What you are asked to do:
If a line of the records contains the string "blast", copy it out.

Exercise material:

lemma e_col_low:
  assumes v: "(x, s, y) \<in> verts" and j: "j \<in> {1..q}"
  shows "e_col G.edges G.colouring j (x, s, y) = D j * Suc (card {\<delta>. nbhd_diff \<delta>})"
proof -
  let ?N = "closed_nbhd G.edges (x, s, y)"
  define PF where "PF = {(x1, x2). x1 \<in> nbhd x \<and> x2 \<in> nbhd x \<and> {x1, x2} \<in> E \<and> c {x1, x2} = j}"
  define layers where
    "layers = insert (s, y) ((\<lambda>y'. (\<not> s, y')) ` {y' \<in> {0..<int n}. nbhd_diff (offset s y y')})"
  define lift :: "('a \<times> 'a) \<times> bool \<times> int \<Rightarrow> ('a \<times> bool \<times> int) \<times> ('a \<times> bool \<times> int)"
    where "lift = (\<lambda>((x1, x2), s', y'). ((x1, s', y'), (x2, s', y')))"
  have "{(u, w). u \<in> ?N \<and> w \<in> ?N \<and> adj u w \<and> colour u w = j} = lift ` (PF \<times> layers)"
  proof (intro equalityI subsetI)
    fix z assume z: "z \<in> {(u, w). u \<in> ?N \<and> w \<in> ?N \<and> adj u w \<and> colour u w = j}"
    obtain x1 s1 y1 x2 s2 y2 where z_eq: "z = ((x1, s1, y1), (x2, s2, y2))"
      by (cases z) auto
    with z j have "s2 = s1"
      using colour_le_q_iff[of x1 s1 y1 x2 s2 y2] by auto
    with z z_eq have edge: "y2 = y1" "{x1, x2} \<in> E" "c {x1, x2} = j"
      by auto
    then have "x1 \<noteq> x2"
      using simple_graph_edge_neq[OF F_simple] by blast
    with z z_eq \<open>s2 = s1\<close> edge have "(x1, x2) \<in> PF" "(s1, y1) \<in> layers"
      unfolding PF_def layers_def using G_nbhd_iff[OF v] not_copy_and_nbhd_diff by auto
    then show "z \<in> lift ` (PF \<times> layers)"
      unfolding z_eq \<open>s2 = s1\<close> edge(1) lift_def by force
  next
    fix z assume "z \<in> lift ` (PF \<times> layers)"
    then obtain x1 x2 s' y' where z_eq: "z = ((x1, s', y'), (x2, s', y'))" and
      "(x1, x2) \<in> PF" "(s', y') \<in> layers"
      unfolding lift_def by auto
    then show "z \<in> {(u, w). u \<in> ?N \<and> w \<in> ?N \<and> adj u w \<and> colour u w = j}"
      unfolding PF_def layers_def using v G_nbhd_iff[OF v] closed_nbhd_subset[OF F_simple, of x] by auto
  qed
  moreover have "inj_on lift (PF \<times> layers)"
    unfolding lift_def by (rule inj_onI) auto
  moreover have "card PF = 2 * D j"
    unfolding PF_def using card_adjacent_pairs[OF F_simple, of "nbhd x" "\<lambda>e. c e = j"] e_col_F[of x j] v j
    by (simp add: e_col_def)
  moreover have "card layers = Suc (card {\<delta>. nbhd_diff \<delta>})"
  proof -
    let ?Y = "{y' \<in> {0..<int n}. nbhd_diff (offset s y y')}"
    have "card ?Y = card {\<delta> \<in> {..<n}. nbhd_diff \<delta>}"
      by (rule card_reindex[OF bij_offset])
    also have "{\<delta> \<in> {..<n}. nbhd_diff \<delta>} = {\<delta>. nbhd_diff \<delta>}"
      by (auto simp: nbhd_diff_def)
    finally have "card ((\<lambda>y'. (\<not> s, y')) ` ?Y) = card {\<delta>. nbhd_diff \<delta>}"
      by (simp add: card_image inj_on_def)
    moreover have "finite ?Y"
      by (rule finite_subset[of _ "{0..<int n}"]) auto
    ultimately show ?thesis
      unfolding layers_def by (subst card_insert_disjoint) auto
  qed
  ultimately have "2 * e_col G.edges G.colouring j (x, s, y) = 2 * D j * Suc (card {\<delta>. nbhd_diff \<delta>})"
    unfolding G.e_col_eq by (simp add: card_image card_cartesian_product)
  then show ?thesis
    by simp
qed

lemma e_col_high:
  assumes v: "(x, s, y) \<in> verts" and i: "i \<in> {1..m}"
  shows "e_col G.edges G.colouring (q + i) (x, s, y)
    = copy_count i + (nbhd_card + 2 * nbhd_edges) * nbhd_count i"
proof -
  let ?N = "closed_nbhd G.edges (x, s, y)"
  let ?Y = "{(u, w). u \<in> ?N \<and> w \<in> ?N \<and> adj u w \<and> colour u w = q + i}"
  define PP where "PP = {(x1, x2). x1 \<in> nbhd x \<and> x2 \<in> nbhd x \<and> x2 \<in> nbhd x1}"
  define \<Psi> where "\<Psi> z \<delta> \<longleftrightarrow> block \<delta> = i \<and> (copy_diff \<delta> \<and> z \<in> {(x, x)} \<or> nbhd_diff \<delta> \<and> z \<in> PP)"
    for z \<delta>
  define lift :: "('a \<times> 'a) \<times> int \<Rightarrow> ('a \<times> bool \<times> int) \<times> ('a \<times> bool \<times> int)"
    where "lift = (\<lambda>((x1, x2), y'). ((x1, s, y), (x2, \<not> s, y')))"
  have sides: "fst (snd u) = s \<longleftrightarrow> fst (snd w) \<noteq> s" if "(u, w) \<in> ?Y" for u w
  proof -
    obtain x1 s1 y1 x2 s2 y2 where "u = (x1, s1, y1)" "w = (x2, s2, y2)"
      by (cases u, cases w) auto
    with that i show ?thesis
      using colour_le_q_iff[of x1 s1 y1 x2 s2 y2] by auto
  qed
  have "card ?Y = 2 * card {z \<in> ?Y. fst (snd (fst z)) = s}"
  proof (rule card_swap_closed_pairs)
    show "finite ?Y"
      by (rule finite_subset[of _ "verts \<times> verts"]) (use G.adj_in_V G.finite_V in auto)
    show "(w, u) \<in> ?Y" if "(u, w) \<in> ?Y" for u w
      using that G.adj_sym G.colour_sym by auto
  qed (use sides in simp)
  moreover have "{z \<in> ?Y. fst (snd (fst z)) = s} = lift ` {(z, y'). y' \<in> {0..<int n} \<and> \<Psi> z (offset s y y')}"
  proof (intro equalityI subsetI)
    fix z assume z: "z \<in> {z \<in> ?Y. fst (snd (fst z)) = s}"
    obtain x1 s1 y1 x2 s2 y2 where z_eq: "z = ((x1, s1, y1), (x2, s2, y2))"
      by (cases z) auto
    with z have "s1 = s" "s2 = (\<not> s)"
      using sides[of "(x1, s1, y1)" "(x2, s2, y2)"] by auto
    with z z_eq have "y1 = y" "x1 \<in> nbhd x" "0 \<le> y2" "y2 < int n" "\<Psi> (x1, x2) (offset s y y2)"
      unfolding \<Psi>_def PP_def using G_nbhd_iff[OF v] not_copy_and_nbhd_diff by auto
    then show "z \<in> lift ` {(z, y'). y' \<in> {0..<int n} \<and> \<Psi> z (offset s y y')}"
      unfolding z_eq \<open>s1 = s\<close> \<open>s2 = (\<not> s)\<close> lift_def by force
  next
    fix z assume "z \<in> lift ` {(z, y'). y' \<in> {0..<int n} \<and> \<Psi> z (offset s y y')}"
    then obtain x1 x2 y' where z_eq: "z = ((x1, s, y), (x2, \<not> s, y'))"
      and "y' \<in> {0..<int n}" "\<Psi> (x1, x2) (offset s y y')"
      unfolding lift_def by auto
    then show "z \<in> {z \<in> ?Y. fst (snd (fst z)) = s}"
      unfolding \<Psi>_def PP_def using v G_nbhd_iff[OF v] closed_nbhd_subset[OF F_simple, of x] by auto
  qed
  moreover have "inj_on lift {(z, y'). y' \<in> {0..<int n} \<and> \<Psi> z (offset s y y')}"
    unfolding lift_def by (rule inj_onI) auto
  moreover have "card {(z, y'). y' \<in> {0..<int n} \<and> \<Psi> z (offset s y y')}
      = copy_count i + (nbhd_card + 2 * nbhd_edges) * nbhd_count i"
  proof -
    have "finite PP"
      unfolding PP_def
      by (rule finite_subset[of _ "nbhd x \<times> nbhd x"]) (use finite_closed_nbhd[OF F_simple] v in auto)
    have "card {(z, y'). y' \<in> {0..<int n} \<and> \<Psi> z (offset s y y')}
        = card {(z, \<delta>). \<delta> \<in> {..<n} \<and> \<Psi> z \<delta>}"
      by (rule card_reindex_snd[OF bij_offset])
    with \<open>finite PP\<close> show ?thesis
      unfolding \<Psi>_def using card_diff_pairs[OF i, of "{(x, x)}" PP] card_nbhd_pairs[of x] v
      unfolding PP_def by simp
  qed
  ultimately have "2 * e_col G.edges G.colouring (q + i) (x, s, y)
      = 2 * (copy_count i + (nbhd_card + 2 * nbhd_edges) * nbhd_count i)"
    unfolding G.e_col_eq by (simp add: card_image)
  then show ?thesis
    by simp
qed

lemma D_decreasing: "1 \<le> j \<Longrightarrow> j < q \<Longrightarrow> D (Suc j) < D j"
proof -
  assume j: "1 \<le> j" "j < q"
  obtain x where "x \<in> V"
    using F_nonempty by blast
  then show ?thesis
    using F_e_col_decreasing[OF \<open>x \<in> V\<close> j] e_col_F[of x j] e_col_F[of x "Suc j"] j by simp
qed

lemma ext_deg_high: "i \<in> {1..m} \<Longrightarrow> copy_count i + nbhd_card * nbhd_count i = ext_deg (q + i)"
proof -
  assume i: "i \<in> {1..m}"
  then have "nbhd_card * (W + m) = nbhd_card * nbhd_count i + nbhd_card * i"
    unfolding nbhd_count_def by (simp add: add_mult_distrib2[symmetric])
  then show ?thesis
    unfolding copy_count_def ext_deg_def using i by simp
qed

lemma ext_deg_increasing: "1 \<le> i \<Longrightarrow> i < j \<Longrightarrow> j \<le> q + m \<Longrightarrow> ext_deg i < ext_deg j"
proof -
  assume ij: "1 \<le> i" "i < j" "j \<le> q + m"
  consider "j \<le> q" | "i \<le> q" "q < j" | "q < i"
    using ij by linarith
  then show ?thesis
  proof cases
    case 1
    then show ?thesis
      unfolding ext_deg_def using F_deg_increasing[of i j] ij by simp
  next
    case 2
    have "a i < nbhd_card"
      unfolding nbhd_card_def using member_le_sum[of i "{1..q}" a] ij 2 by simp
    also have "\<dots> \<le> nbhd_card * (W + m)"
      using m_pos by simp
    finally show ?thesis
      unfolding ext_deg_def using 2 by simp
  next
    case 3
    then show ?thesis
      unfolding ext_deg_def using ij by simp
  qed
qed

lemma G_colour_range: "e \<in> G.edges \<Longrightarrow> G.colouring e \<in> {1..q + m}"
proof -
  assume "e \<in> G.edges"
  then obtain x s y x' s' y' where e: "e = {(x, s, y), (x', s', y')}" "adj (x, s, y) (x', s', y')"
    unfolding graph_edges_def by force
  then have "G.colouring e = colour (x, s, y) (x', s', y')"
    using G.colour_doubleton by simp
  then show ?thesis
    using e(2) F_colour_range[of "{x, x'}"] block_range[OF offset_lt, of s y y'] by auto
qed

lemma G_deg_col: "v \<in> verts \<Longrightarrow> j \<in> {1..q + m} \<Longrightarrow> deg_col G.edges G.colouring j v = ext_deg j"
proof -
  assume v: "v \<in> verts" and j: "j \<in> {1..q + m}"
  obtain x s y where v_eq: "v = (x, s, y)"
    by (cases v) auto
  show ?thesis
  proof (cases "j \<le> q")
    case True
    then show ?thesis
      using deg_col_low v j unfolding v_eq ext_deg_def by simp
  next
    case False
    then have "j - q \<in> {1..m}" "j = q + (j - q)"
      using j by auto
    then show ?thesis
      using deg_col_high[of x s y "j - q"] ext_deg_high[of "j - q"] v unfolding v_eq by metis
  qed
qed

Output below:
      using simple_graph_edge_neq[OF F_simple] by blast
    using F_nonempty by blast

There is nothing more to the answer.